As Holly J. McDede tells the story in California Magazine , Miele came to Berkeley as a teenager to study physics, and, inspired by what he found here — a campus with the first student-led program for disabled students, in a city known for helping lead the disability rights movement — he has devoted his work to making the world more navigable for blind people, and giving them the tools to help solve a major problem: underemployment.

And Miele isn’t alone. He works closely with another Berkeley alum, Bryan Bashin, who became legally blind in his sophomore year and is now CEO of Lighthouse, which produces the talking maps Miele develops.

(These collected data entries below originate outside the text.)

(* Let $\Gamma$ be a graph, possibly with some 2-fold edges. Then $\Gamma$ is the family diagram of at most one family of spherical simplices whose dihedral angles lie in $\{\frac{\pi}{2},\frac{\pi}{3},\frac{2\pi}{3},\frac{\pi}{4},\frac{3\pi}{4}\}$ (families considered up to isometry).
   Context: A spherical simplex in $S^n\subset\mathbb{R}^{n+1}$ is given by unit outer normals $f_1,\dots,f_{n+1}$ to its facets; the hyperplanes $f_i^\perp$ cut $S^n$ into $2^{n+1}$ simplices encoded by $\pm f_1,\dots,\pm f_{n+1}$, called a family. For a simplex whose dihedral angles are of the form $\pi/k$ or $\pi(k-1)/k$, its family diagram is the graph with vertices $v_i$ corresponding to the $f_i$, where $v_i$ and $v_j$ are joined by a $(k-2)$-fold edge if the angle between $f_i,f_j$ is $\pi/k$ or $\pi(k-1)/k$, and are not joined if $f_i\perp f_j$. All simplices of a family have the same family diagram. *)

theory Defs
  imports "HOL-Analysis.Analysis"
begin

text \<open>A family of spherical simplices in S^n, a subset of R^(n+1), is encoded by n+1 unit
  outer normals f i, indexed by the finite type 'n with CARD('n) = n+1, living in
  real^'n (so the ambient space has dimension n+1).\<close>

definition simplex_normals :: "('n::finite \<Rightarrow> real^'n) \<Rightarrow> bool" where
  "simplex_normals f \<longleftrightarrow> (\<forall>i. norm (f i) = 1) \<and> inj f \<and> independent (range f)"

definition normal_angle :: "('n::finite \<Rightarrow> real^'n) \<Rightarrow> 'n \<Rightarrow> 'n \<Rightarrow> real" where
  "normal_angle f i j = arccos (f i \<bullet> f j)"

definition dihedral_angle :: "('n::finite \<Rightarrow> real^'n) \<Rightarrow> 'n \<Rightarrow> 'n \<Rightarrow> real" where
  "dihedral_angle f i j = pi - normal_angle f i j"

text \<open>Family diagram: v_i, v_j joined by a (k-2)-fold edge if the angle between f i, f j
  is pi/k or pi(k-1)/k (k = 2 meaning no edge, i.e. orthogonality).\<close>
definition family_diagram :: "('n::finite \<Rightarrow> real^'n) \<Rightarrow> 'n \<Rightarrow> 'n \<Rightarrow> nat" where
  "family_diagram f i j =
     (THE m. \<exists>k::nat. k \<ge> 2 \<and> m = k - 2 \<and>
        (normal_angle f i j = pi / real k \<or> normal_angle f i j = pi * real (k - 1) / real k))"

text \<open>The family: the set of lines \<plusminus>f i (it determines all 2^(n+1) simplices).\<close>
definition family_vectors :: "('n::finite \<Rightarrow> real^'n) \<Rightarrow> (real^'n) set" where
  "family_vectors f = {v. \<exists>i. v = f i \<or> v = - f i}"

end

theory Submission
  imports Defs
begin

text \<open>The normals of a family are determined up to isometry by their Gram matrix, and for the
  admissible angles the diagram determines every \<open>\<bar>f\<^sub>i \<bullet> f\<^sub>j\<bar> = cos (\<pi>/k)\<close>. So two
  families \<open>f\<close>, \<open>g\<close> with the same diagram have Gram matrices that differ only in the signs of
  off-diagonal entries, and marking each edge \<open>ij\<close> by whether the signs of \<open>f\<^sub>i \<bullet> f\<^sub>j\<close> and
  \<open>g\<^sub>i \<bullet> g\<^sub>j\<close> agree gives a signed graph. On a chordless cycle of length \<open>k\<close> the product of the
  signs of \<open>f\<^sub>i \<bullet> f\<^sub>i\<^sub>+\<^sub>1\<close> is forced to be \<open>(-1)\<^sup>k\<^sup>+\<^sup>1\<close>: otherwise the \<open>f\<^sub>i\<close> can be re-signed so
  that all neighbouring products are \<open>\<le> -1/2\<close>, and then \<open>\<Sum> \<plusminus>f\<^sub>i\<close> has squared norm
  \<open>\<le> k - k = 0\<close>, contradicting independence. So every chordless cycle, hence every closed walk,
  of the signed graph is positive, and the graph is balanced: there are signs \<open>s\<^sub>i\<close> such that
  the vectors \<open>s\<^sub>i g\<^sub>i\<close> have the same Gram matrix as the \<open>f\<^sub>i\<close>. An orthogonal map sending
  \<open>f\<^sub>i\<close> to \<open>s\<^sub>i g\<^sub>i\<close> then maps the family of \<open>f\<close> onto that of \<open>g\<close>.\<close>

section \<open>Balanced signed graphs\<close>

definition walk :: "('a \<Rightarrow> 'a \<Rightarrow> bool) \<Rightarrow> 'a list \<Rightarrow> bool" where
  "walk adj p \<longleftrightarrow> p \<noteq> [] \<and> successively adj p"

definition closed_walk :: "('a \<Rightarrow> 'a \<Rightarrow> bool) \<Rightarrow> 'a list \<Rightarrow> bool" where
  "closed_walk adj p \<longleftrightarrow> walk adj p \<and> hd p = last p"

(* A cycle x\<^sub>0, ..., x\<^sub>k\<^sub>-\<^sub>1 is the list xs of its vertices; as a closed walk it is xs @ [hd xs]. *)
definition chordless :: "('a \<Rightarrow> 'a \<Rightarrow> bool) \<Rightarrow> 'a list \<Rightarrow> bool" where
  "chordless adj xs \<longleftrightarrow> (\<forall>i<length xs. \<forall>j<length xs.
     adj (xs ! i) (xs ! j) \<longrightarrow> j = Suc i mod length xs \<or> i = Suc j mod length xs)"

fun path_weight :: "('a \<Rightarrow> 'a \<Rightarrow> 'b) \<Rightarrow> 'a list \<Rightarrow> 'b::comm_monoid_mult" where
  "path_weight e (x # y # zs) = e x y * path_weight e (y # zs)"
| "path_weight e _ = 1"

lemma successively_append_Cons_iff:
  "successively P (xs @ y # ys) \<longleftrightarrow> successively P (xs @ [y]) \<and> successively P (y # ys)"
  by (induction xs rule: induct_list012) auto

lemma path_weight_append:
  "path_weight e (xs @ y # ys) = path_weight e (xs @ [y]) * path_weight e (y # ys)"
  by (induction e xs rule: path_weight.induct) (auto simp: mult.assoc)

lemma path_weight_append_nonempty:
  assumes "xs \<noteq> []" "ys \<noteq> []"
  shows "path_weight e (xs @ ys) = path_weight e xs * e (last xs) (hd ys) * path_weight e ys"
proof -
  obtain as x where xs: "xs = as @ [x]" using assms(1) by (cases xs rule: rev_cases) auto
  obtain y bs where ys: "ys = y # bs" using assms(2) by (cases ys) auto
  show ?thesis
    unfolding xs ys using path_weight_append[of e "as @ [x]" y bs] path_weight_append[of e as x "[y]"]
    by simp
qed

lemma path_weight_rev:
  assumes "\<And>x y. e x y = e y x"
  shows "path_weight e (rev xs) = path_weight e xs"
proof (induction xs rule: induct_list012)
  case (3 x y zs)
  have "path_weight e (rev (x # y # zs)) = path_weight e (rev (y # zs)) * e y x"
    using path_weight_append_nonempty[of "rev (y # zs)" "[x]" e] by simp
  also have "\<dots> = e x y * path_weight e (y # zs)"
    using 3 assms[of x y] by (simp add: mult.commute)
  finally show ?case by simp
qed auto

lemma path_weight_split_loop:
  "path_weight e (as @ y # bs @ y # cs) = path_weight e (as @ y # cs) * path_weight e (y # bs @ [y])"
  using path_weight_append[of e as y "bs @ y # cs"] path_weight_append[of e "y # bs" y cs]
    path_weight_append[of e as y cs]
  by (simp add: ac_simps)

lemma path_weight_split_chord:
  assumes "e u w * e w u = 1"
  shows "path_weight e (as @ u # bs @ w # cs) =
    path_weight e (u # bs @ [w, u]) * path_weight e (as @ u # w # cs)"
proof -
  have "path_weight e (u # bs @ [w, u]) = path_weight e (u # bs @ [w]) * e w u"
    using path_weight_append[of e "u # bs" w "[u]"] by simp
  moreover have "path_weight e (as @ u # w # cs) = path_weight e (as @ [u]) * e u w * path_weight e (w # cs)"
    using path_weight_append[of e as u "w # cs"] by (simp add: mult.assoc)
  moreover have "path_weight e (as @ u # bs @ w # cs) =
      path_weight e (as @ [u]) * path_weight e (u # bs @ [w]) * path_weight e (w # cs)"
    using path_weight_append[of e as u "bs @ w # cs"] path_weight_append[of e "u # bs" w cs]
    by (simp add: mult.assoc)
  ultimately have "path_weight e (u # bs @ [w, u]) * path_weight e (as @ u # w # cs) =
      (e u w * e w u) * path_weight e (as @ u # bs @ w # cs)"
    by (simp add: ac_simps)
  with assms show ?thesis by simp
qed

Lighthouse provides training as well as technology for the visually impaired. Bashin explains in the California Magazine article: “What I’ve learned is that there are a lot of blind people with a mountain of technology at home [who] go nowhere because it’s necessary but not sufficient. What we need as blind people is a sense of the possible. The challenge is to find ways to motivate blind people, beyond putting hunks of iron on their table. How do we install the improbable belief that, yeah, you can go to work, you can support your family, you can be a source of giving to the community as well as receiving?”

Bashin is working with architect Chris Downey, who is blind and teaches design at Berkeley, to build Lighthouse’s new headquarters as a space that will make blind people feel that sense of the possible.

Downey, for his part, teaches his students in his universal design class at Berkeley to think about architecture with all their senses.

The need for more accessibility for the visually impaired has been growing. McDede finds that Berkeley’s Alternative Media Center, which converts material for visually impaired students and students with print disabilities, such as dyslexia, has seen a huge spike in demand for its services: In the past two years, its output has more than tripled, with 7,430 pieces converted in the past school year.

The campus, with efforts led by Disabled Students Program Director Paul Hippolitus, is rising to the challenge.